Find the line with "unfolding tangent_proj_def by (simp" in the entries below, then reproduce it and every line after it down to and including the line with "S0 I \<Longrightarrow>", exactly.

Saved entries
▽

lemma tangent_proj_S0:
  assumes "finite I" "I \<noteq> {}" "mu \<in> Mplus I" "V \<in> Sm I"
  shows "tangent_proj I mu V \<in> S0 I"
proof -
  have "(\<Sum>i\<in>I. tangent_proj I mu V i) = (\<Sum>i\<in>I. V i) - (\<Sum>j\<in>I. V j) * ((\<Sum>i\<in>I. mu i) / mnorm I mu)"
    unfolding tangent_proj_def by (simp add: sum_subtractf sum_distrib_left sum_divide_distrib)
  also have "(\<Sum>i\<in>I. mu i) / mnorm I mu = 1" using mnorm_pos[OF assms(1-3)] mnorm_Mplus[OF assms(3)] by simp
  finally show ?thesis using assms(3,4) unfolding S0_def Sm_def Mplus_def tangent_proj_def by auto
qed

lemma tangent_proj_S0_eq: "V \<in> S0 I \<Longrightarrow> tangent_proj I mu V = V"
  unfolding tangent_proj_def S0_def by simp

lemma tangent_proj_lincomb:
  "tangent_proj I mu (\<lambda>i. a * v i + b * w i) = (\<lambda>i. a * tangent_proj I mu v i + b * tangent_proj I mu w i)"
  unfolding tangent_proj_def by (rule ext) (simp add: sum.distrib sum_distrib_left algebra_simps add_divide_distrib)

lemma push_normalize_measure:
  assumes "congruent_kernel I I' K" "finite I'" "mu \<in> Mplus I" "push I I' K mu \<in> Mplus I'"
  shows "normalize_measure I' (push I I' K mu) = push I I' K (normalize_measure I mu)"
  unfolding normalize_measure_def mnorm_push[OF assms] by (rule ext) (simp add: push_def sum_divide_distrib)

△

# [Answer box]
    unfolding tangent_proj_def by (simp add: sum_subtractf sum_distrib_left sum_divide_distrib)
  also have "(\<Sum>i\<in>I. mu i) / mnorm I mu = 1" using mnorm_pos[OF assms(1-3)] mnorm_Mplus[OF assms(3)] by simp
  finally show ?thesis using assms(3,4) unfolding S0_def Sm_def Mplus_def tangent_proj_def by auto
qed

lemma tangent_proj_S0_eq: "V \<in> S0 I \<Longrightarrow> tangent_proj I mu V = V"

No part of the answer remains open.